The bodhisattva ideal. The essential premise of the bodhisattva ideal is to generate in one's own self the thought of enlightenment and to fulfill the vow to become a buddha, foregoing entrance into nirvana in order to remain in the world as long as there are creatures to be saved from suffering. With that vow the aspirant begins the career of a bodhisattva, which traverses 10 stages or spiritual levels (bhumi) and achieves purification through the practice of the 10 perfections (paramitas). These levels, which become progressively higher, elevate the bodhisattva to the condition of a buddha.

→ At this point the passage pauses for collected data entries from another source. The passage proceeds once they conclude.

lemma distr_qinv: "distr (restrict_space lborel {0<..<measure M (space M)}) borel (qinv M) = M"
proof (rule cdf_unique')
  let ?U = "measure M (space M)"
  let ?D = "distr (restrict_space lborel {0<..<?U}) borel (qinv M)"
  have emeasure_D: "emeasure ?D A = emeasure lborel ({0<..<?U} \<inter> qinv M -` A)"
    if "A \<in> sets borel" for A
  proof -
    have "emeasure ?D A = emeasure (restrict_space lborel {0<..<?U}) (qinv M -` A \<inter> {0<..<?U})"
      using emeasure_distr[OF borel_measurable_qinv that] by (simp add: space_restrict_space)
    also have "\<dots> = emeasure lborel ({0<..<?U} \<inter> qinv M -` A)"
      by (subst emeasure_restrict_space) (auto simp: Int_commute)
    finally show ?thesis .
  qed
  have "emeasure ?D (space ?D) = ennreal ?U"
    using emeasure_D[of UNIV] by simp
  then show "finite_borel_measure ?D"
    by (simp add: finite_borel_measure_def finite_borel_measure_axioms_def finite_measureI)
  show "finite_borel_measure M"
    by (rule finite_borel_measure_axioms)
  show "cdf ?D = cdf M"
  proof
    fix x
    let ?c = "cdf M x"
    have "{0<..<?U} \<inter> qinv M -` {..x} = {0<..<?U} \<inter> {..?c}"
      using qinv_le_iff by auto
    then have "cdf ?D x = measure lborel ({0<..<?U} \<inter> {..?c})"
      using emeasure_D[of "{..x}"] by (simp add: cdf_def2 measure_def)
    also have "\<dots> = ?c"
    proof (cases "?c = ?U")
      case True
      then have "{0<..<?U} \<inter> {..?c} = {0<..<?U}"
        by auto
      then show ?thesis
        using True by simp
    next
      case False
      then have "{0<..<?U} \<inter> {..?c} = {0<..?c}"
        using cdf_bounded[of x] by auto
      then show ?thesis using cdf_nonneg[of x] by simp
    qed
    finally show "cdf ?D x = ?c" .
  qed
qed
(* Let $n\ge0$. If a variety $\mathcal V$ has $n+2$ Gumm terms, then $\mathcal V$ is $(2n+2)$-modular, i.e. it satisfies $\alpha(\beta\circ\alpha\gamma\circ\beta)\subseteq\alpha\beta\circ_{2n+2}\alpha\gamma$ for all congruences $\alpha,\beta,\gamma$.
   Context: $\circ$ is relational composition, juxtaposition is intersection. For relations $X,Y$ and $m\ge1$, $X\circ_m Y$ denotes $X\circ Y\circ X\circ\cdots$ with $m$ factors. A variety has $n+2$ Gumm terms if it has ternary terms $p,j_1,\dots,j_{n+1}$ satisfying: $x=j_i(x,y,x)$ for all $i$; $x=p(x,z,z)$; $p(x,x,z)=j_1(x,x,z)$; $j_i(x,z,z)=j_{i+1}(x,z,z)$ for odd $i\le n$; $j_i(x,x,z)=j_{i+1}(x,x,z)$ for even $i\le n$; $j_{n+1}(x,y,z)=z$. *)

theory Defs
  imports Main
begin

datatype 'f uterm = Var nat | Fn 'f "'f uterm list"

record ('f, 'a) alg =
  univ :: "'a set"
  ops  :: "'f \<Rightarrow> 'a list \<Rightarrow> 'a"

definition algebra :: "('f \<Rightarrow> nat) \<Rightarrow> ('f, 'a) alg \<Rightarrow> bool" where
  "algebra ar A \<longleftrightarrow> univ A \<noteq> {} \<and>
     (\<forall>f xs. length xs = ar f \<and> set xs \<subseteq> univ A \<longrightarrow> ops A f xs \<in> univ A)"

fun wf_term :: "('f \<Rightarrow> nat) \<Rightarrow> 'f uterm \<Rightarrow> bool" where
  "wf_term ar (Var i) = True"
| "wf_term ar (Fn f ts) = (length ts = ar f \<and> (\<forall>t\<in>set ts. wf_term ar t))"

fun vars :: "'f uterm \<Rightarrow> nat set" where
  "vars (Var i) = {i}"
| "vars (Fn f ts) = (\<Union>t\<in>set ts. vars t)"

fun eval :: "('f, 'a) alg \<Rightarrow> 'f uterm \<Rightarrow> (nat \<Rightarrow> 'a) \<Rightarrow> 'a" where
  "eval A (Var i) \<sigma> = \<sigma> i"
| "eval A (Fn f ts) \<sigma> = ops A f (map (\<lambda>t. eval A t \<sigma>) ts)"

definition ternary_term :: "('f \<Rightarrow> nat) \<Rightarrow> 'f uterm \<Rightarrow> bool" where
  "ternary_term ar t \<longleftrightarrow> wf_term ar t \<and> vars t \<subseteq> {0,1,2}"

definition tev :: "('f, 'a) alg \<Rightarrow> 'f uterm \<Rightarrow> 'a \<Rightarrow> 'a \<Rightarrow> 'a \<Rightarrow> 'a" where
  "tev A t x y z = eval A t (\<lambda>i. if i = 0 then x else if i = 1 then y else z)"

definition satisfies :: "('f, 'a) alg \<Rightarrow> 'f uterm \<times> 'f uterm \<Rightarrow> bool" where
  "satisfies A e \<longleftrightarrow> (\<forall>\<sigma>. range \<sigma> \<subseteq> univ A \<longrightarrow> eval A (fst e) \<sigma> = eval A (snd e) \<sigma>)"

definition variety :: "('f \<Rightarrow> nat) \<Rightarrow> ('f uterm \<times> 'f uterm) set \<Rightarrow> ('f, 'a) alg set" where
  "variety ar \<Sigma> = {A. algebra ar A \<and> (\<forall>e\<in>\<Sigma>. satisfies A e)}"

definition congruence :: "('f \<Rightarrow> nat) \<Rightarrow> ('f, 'a) alg \<Rightarrow> 'a rel \<Rightarrow> bool" where
  "congruence ar A \<alpha> \<longleftrightarrow> equiv (univ A) \<alpha> \<and>
     (\<forall>f xs ys. length xs = ar f \<and> length ys = ar f \<and> set xs \<subseteq> univ A \<and> set ys \<subseteq> univ A \<and>
        (\<forall>k < ar f. (xs ! k, ys ! k) \<in> \<alpha>) \<longrightarrow> (ops A f xs, ops A f ys) \<in> \<alpha>)"

text \<open>X \<circ>_m Y = X \<circ> Y \<circ> X \<circ> ... with m factors (only used for m \<ge> 1).\<close>
fun rcomp_alt :: "'a rel \<Rightarrow> 'a rel \<Rightarrow> nat \<Rightarrow> 'a rel" where
  "rcomp_alt X Y 0 = Id"
| "rcomp_alt X Y (Suc 0) = X"
| "rcomp_alt X Y (Suc (Suc m)) = X O rcomp_alt Y X (Suc m)"

definition has_gumm_terms ::
  "('f \<Rightarrow> nat) \<Rightarrow> ('f, 'a) alg set \<Rightarrow> nat \<Rightarrow> bool" where
  "has_gumm_terms ar V n \<longleftrightarrow> (\<exists>p j.
     ternary_term ar p \<and> (\<forall>i\<in>{1..n+1}. ternary_term ar (j i)) \<and>
     (\<forall>A\<in>V. \<forall>x\<in>univ A. \<forall>y\<in>univ A. \<forall>z\<in>univ A.
        (\<forall>i\<in>{1..n+1}. tev A (j i) x y x = x) \<and>
        tev A p x z z = x \<and>
        tev A p x x z = tev A (j 1) x x z \<and>
        (\<forall>i. 1 \<le> i \<and> i \<le> n \<and> odd i \<longrightarrow> tev A (j i) x z z = tev A (j (i+1)) x z z) \<and>
        (\<forall>i. 1 \<le> i \<and> i \<le> n \<and> even i \<longrightarrow> tev A (j i) x x z = tev A (j (i+1)) x x z) \<and>
        tev A (j (n+1)) x y z = z))"

end

theory Submission
  imports Defs
begin

text \<open>Write \<open>B = \<alpha>\<beta>\<close>, \<open>C = \<alpha>\<gamma>\<close> and let \<open>x \<beta> u C v \<beta> z\<close> with \<open>x \<alpha> z\<close>.
  The Gumm terms connect \<open>x = p(x,v,v)\<close> to \<open>z\<close> through \<open>p(x,u,v)\<close>, \<open>p(x,x,z) = j\<^sub>1(x,x,z)\<close>,
  \<open>j\<^sub>1(x,z,z) = j\<^sub>2(x,z,z)\<close>, \<open>j\<^sub>2(x,x,z) = j\<^sub>3(x,x,z)\<close>, \<dots>, \<open>j\<^sub>n\<^sub>+\<^sub>1(x,_,z) = z\<close>.
  Moving the middle argument of \<open>j\<^sub>i(x,_,z)\<close> along \<open>x \<beta> u \<gamma> v \<beta> z\<close> (or backwards)
  stays in the \<open>\<alpha>\<close>-class of \<open>x = j\<^sub>i(x,y,x)\<close>, so each \<open>j\<^sub>i\<close> contributes a segment
  \<open>B \<circ> C \<circ> B\<close>. Consecutive \<open>B\<close>-steps merge, giving \<open>x (C \<circ> B)\<^sup>n\<^sup>+\<^sup>1 z\<close>; applied to
  \<open>(z, x)\<close> and taken converse, this yields \<open>x (B \<circ> C)\<^sup>n\<^sup>+\<^sup>1 z\<close>.\<close>

lemma converse_relpow:
  fixes R :: "'a rel"
  shows "(R ^^ n)\<inverse> = (R\<inverse>) ^^ n"
  by (induction n) (simp_all add: converse_relcomp relpow_commute)
(* Let $L\ge1$ and let $U\in\mathcal{U}$ satisfy $\operatorname{ind}(U)=0$ and $\operatorname{prop}(U)\le L$. Then there exist $V\in\mathrm{U}(B_0(2L))$ and $W\in\mathrm{U}(B_{-L}(2L))$ with $U=VW$.
   Context: Let $\ell^2(\mathbb{C})$ be the Hilbert space of square-summable complex sequences indexed by $\mathbb{Z}$, with standard orthonormal basis $\{e_i\}_{i\in\mathbb{Z}}$, and $\mathcal{B}$ the algebra of bounded operators on it. Each $T\in\mathcal{B}$ has matrix entries $T_{ij}=\langle e_i,Te_j\rangle$. The propagation is $\operatorname{prop}(T)=\sup\{|i-j|: T_{ij}\ne0\}$, and $\mathcal{U}$ denotes the set of unitary operators in $\mathcal{B}$ of finite propagation. The index of $U\in\mathcal{U}$ is $\operatorname{ind}(U)=\sum_{i<0,\,j\ge0}|U_{ij}|^2-\sum_{i\ge0,\,j<0}|U_{ij}|^2$ (a finite sum). For $k\in\mathbb{Z}$ and $M\ge1$, $B_k(M)=\{T\in\mathcal{B}: T_{ij}=0 \text{ unless } k+nM\le i,j<k+(n+1)M\text{ for some }n\in\mathbb{Z}\}$ is the algebra of block-diagonal operators with blocks of size $M$ starting at $k$, and $\mathrm{U}(B_k(M))$ is its group of unitary elements. *)

theory Defs
  imports "HOL-Analysis.Analysis"
begin

text \<open>Operators on l2(Z) are represented by their matrices T i j = <e_i, T e_j>.\<close>

type_synonym zmat = "int \<Rightarrow> int \<Rightarrow> complex"

definition is_l2 :: "(int \<Rightarrow> complex) \<Rightarrow> bool" where
  "is_l2 x \<longleftrightarrow> (\<lambda>j. (cmod (x j))\<^sup>2) summable_on UNIV"

definition l2norm2 :: "(int \<Rightarrow> complex) \<Rightarrow> real" where
  "l2norm2 x = (\<Sum>\<^sub>\<infinity>j. (cmod (x j))\<^sup>2)"

definition apply_mat :: "zmat \<Rightarrow> (int \<Rightarrow> complex) \<Rightarrow> (int \<Rightarrow> complex)" where
  "apply_mat T x = (\<lambda>i. \<Sum>\<^sub>\<infinity>j. T i j * x j)"

definition bounded_op :: "zmat \<Rightarrow> bool" where
  "bounded_op T \<longleftrightarrow> (\<exists>C. \<forall>x. is_l2 x \<longrightarrow>
      (\<forall>i. (\<lambda>j. T i j * x j) summable_on UNIV) \<and>
      is_l2 (apply_mat T x) \<and> l2norm2 (apply_mat T x) \<le> C * l2norm2 x)"

definition mmult :: "zmat \<Rightarrow> zmat \<Rightarrow> zmat" where
  "mmult A B = (\<lambda>i j. \<Sum>\<^sub>\<infinity>k. A i k * B k j)"

definition adj :: "zmat \<Rightarrow> zmat" where
  "adj T = (\<lambda>i j. cnj (T j i))"

definition idm :: zmat where
  "idm = (\<lambda>i j. if i = j then 1 else 0)"

definition unitary_op :: "zmat \<Rightarrow> bool" where
  "unitary_op T \<longleftrightarrow> bounded_op T \<and> mmult T (adj T) = idm \<and> mmult (adj T) T = idm"

definition prop_le :: "zmat \<Rightarrow> int \<Rightarrow> bool" where
  "prop_le T L \<longleftrightarrow> (\<forall>i j. T i j \<noteq> 0 \<longrightarrow> \<bar>i - j\<bar> \<le> L)"

definition fp_unitaries :: "zmat set" where
  "fp_unitaries = {U. unitary_op U \<and> (\<exists>L. prop_le U L)}"

definition ind :: "zmat \<Rightarrow> real" where
  "ind U = (\<Sum>\<^sub>\<infinity>(i,j)\<in>{(i,j). i < 0 \<and> j \<ge> 0}. (cmod (U i j))\<^sup>2)
         - (\<Sum>\<^sub>\<infinity>(i,j)\<in>{(i,j). i \<ge> 0 \<and> j < 0}. (cmod (U i j))\<^sup>2)"
(* Let $G$ be a group and $N$ a fully invariant subgroup of $G$ (i.e. $\phi(N)\subseteq N$ for all $\phi\in\mathrm{End}(G)$; in particular $N$ is normal). For each $\phi\in\mathrm{End}(G)$ and each $\phi$-cellular automaton $\mathcal{T}:A^G\to A^G$, let $\widehat{\mathcal{T}}:A^{G/N}\to A^{G/N}$ be the unique $\hat\phi$-cellular automaton with $\rho^*\circ\widehat{\mathcal{T}}=\mathcal{T}\circ\rho^*$, where $\hat\phi(gN):=\phi(g)N$. Then the map $\mathcal{T}\mapsto\widehat{\mathcal{T}}$ from $\mathrm{GCA}(A^G)$ to $\mathrm{GCA}(A^{G/N})$ is a monoid homomorphism.
   Context: $A$ is a finite set with $|A|\ge 2$. $A^G$ is the set of functions $G\to A$ with shift action $(g\cdot x)(k):=x(g^{-1}k)$. For $\phi\in\mathrm{End}(G)$, a $\phi$-cellular automaton is a map $\mathcal{T}:A^G\to A^G$ for which there exist finite $T\subseteq G$ and $\mu:A^T\to A$ with $\mathcal{T}(x)(h)=\mu((\phi(h^{-1})\cdot x)|_T)$ for all $x,h$. $\mathrm{GCA}(A^G)$ is the monoid (under composition) of all $\phi$-cellular automata $A^G\to A^G$ over all $\phi\in\mathrm{End}(G)$. $\rho:G\to G/N$ is the canonical projection and $\rho^*:A^{G/N}\to A^G$, $\rho^*(x):=x\circ\rho$. *)

theory Defs
  imports "HOL-Algebra.Algebra" "HOL-Library.FuncSet"
begin

definition configs :: "('h, 'm) monoid_scheme \<Rightarrow> 'a set \<Rightarrow> ('h \<Rightarrow> 'a) set" where
  "configs H A = carrier H \<rightarrow>\<^sub>E A"

definition shift :: "('h, 'm) monoid_scheme \<Rightarrow> 'h \<Rightarrow> ('h \<Rightarrow> 'a) \<Rightarrow> ('h \<Rightarrow> 'a)" where
  "shift H g x = (\<lambda>k\<in>carrier H. x (inv\<^bsub>H\<^esub> g \<otimes>\<^bsub>H\<^esub> k))"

The three Buddha bodies. The three bodies (tri-kaya; i.e., modes of being) of the Buddha, which became a subject of major discussion in the Mahayana, are rooted in the Theravada teachings concerning the physical body (which consists of four elements), the mental body, and the body of the law. It is with the Mahayana, however, that the theory of the three bodies enters into the salvation process and assumes central significance in the doctrine. The phenomenal body (nirmana-kaya) is a manifestation of the Buddha among creatures to teach them the path to liberation. The enjoyment (or bliss) body (sambhoga-kaya) is the body to which contemplation can ascend. The unmanifested body of the law (dharma-kaya) already appears in the Saddharmapundarika, or Lotus Sutra, a transitional text that became central in many Mahayana devotional schools. In many Mahayana texts buddhas are infinite, and all partake of an identical nature--the dharma-kaya. All is in the dharma-kaya; nothing is outside of it, just as nothing is outside of space; transcendence and immanence come together.